I remember being faintly disappointed that Goldsmith's memorable theme from the original failed to open The Wrath of Kahn and indeed Horner's theme isn't quite so memorable, although the heraldic, nautical quality is just perfect for the starships as submarines take on the material. However, it's a malleable theme that actually works much better as an action motif within cues than a stand alone title melody. The second theme is much more important in Horner's somewhat less interesting Search for Spock effort, but its smooth, long line melody works beautifully on its own and is a superb, broad counterpoint to the more rhythmic main theme. Kahn's motif is a fierce triplet figure that being quite simple in construction ensures that it can be worked in quickly and effectively when needed. I certainly don't think Horner has come up with a more primal and bracing idea before or since.

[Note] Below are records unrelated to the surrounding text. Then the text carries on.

theorem lemma2:
  fixes p :: nat and X :: "nat \<Rightarrow> rat"
  assumes "prime p" and "odd p"
    and "padic_cauchy p X"
    and "browkin_infinite p X"
  shows "\<exists>N. \<forall>n\<ge>N.
           real_of_rat \<bar>cfA (browkin_b p X) (n + 2)\<bar> < padic_abs p (cfA (browkin_b p X) (n + 2)) \<and>
           real_of_rat \<bar>cfB (browkin_b p X) (n + 2)\<bar> < padic_abs p (cfB (browkin_b p X) (n + 2))"
proof -
  interpret browkin_expansion p X
    using assms by unfold_locales
  let ?b = "browkin_b p X"
  \<comment> \<open>The \<open>p\<close>-adic growth starts at \<open>(B\<^sub>-\<^sub>1, B\<^sub>0) = (0, 1)\<close>
    and at \<open>(A\<^sub>0, A\<^sub>1) = (b\<^sub>0, b\<^sub>1 b\<^sub>0 + 1)\<close>.\<close>
  have recA: "cfA ?b (k + 2) = ?b k * cfA ?b (k + 1) + cfA ?b k"
    and recB: "cfB ?b (k + 2) = ?b k * cfB ?b (k + 1) + cfB ?b k" for k
    by (simp_all add: numeral_2_eq_2)
  have "\<forall>\<^sub>F n in sequentially. real_of_rat \<bar>cfA ?b n\<bar> < padic_abs p (cfA ?b n)"
    using padic_abs_cfA_2_less_3
    by (intro eventually_abs_less_padic_abs_of_recurrence[where m = 2, OF recA browkin_b_abs_less])
      (simp_all add: browkin_b_padic_abs_ge)
  moreover have "\<forall>\<^sub>F n in sequentially. real_of_rat \<bar>cfB ?b n\<bar> < padic_abs p (cfB ?b n)"
    by (intro eventually_abs_less_padic_abs_of_recurrence[where m = 1, OF recB browkin_b_abs_less])
      (simp_all add: browkin_b_padic_abs_ge numeral_2_eq_2)
  ultimately have "\<forall>\<^sub>F n in sequentially.
      real_of_rat \<bar>cfA ?b n\<bar> < padic_abs p (cfA ?b n) \<and> real_of_rat \<bar>cfB ?b n\<bar> < padic_abs p (cfB ?b n)"
    by (rule eventually_conj)
  hence "\<forall>\<^sub>F n in sequentially.
      real_of_rat \<bar>cfA ?b (n + 2)\<bar> < padic_abs p (cfA ?b (n + 2)) \<and>
      real_of_rat \<bar>cfB ?b (n + 2)\<bar> < padic_abs p (cfB ?b (n + 2))"
    by (rule eventually_sequentially_seg[THEN iffD2])
  thus ?thesis unfolding eventually_sequentially .
qed

end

The album isn't quite in film order which means the build up in Horner's ideas isn't quite so obvious. The early Surprise Attack is much more sparsely orchestrated than the more liberally orchestrated climactic cues. Having said that, the positioning of the Leaving Dry Dock cue midway does break up the action somewhat. Admittedly this moment isn't quite as impressive as Goldsmith's original, but again this comes down to the slightly less impressive main theme being used as the driving force of the cue. One final idea is the mysterious Spock, a short but effective musical side step emphasising Spock's spiritual side.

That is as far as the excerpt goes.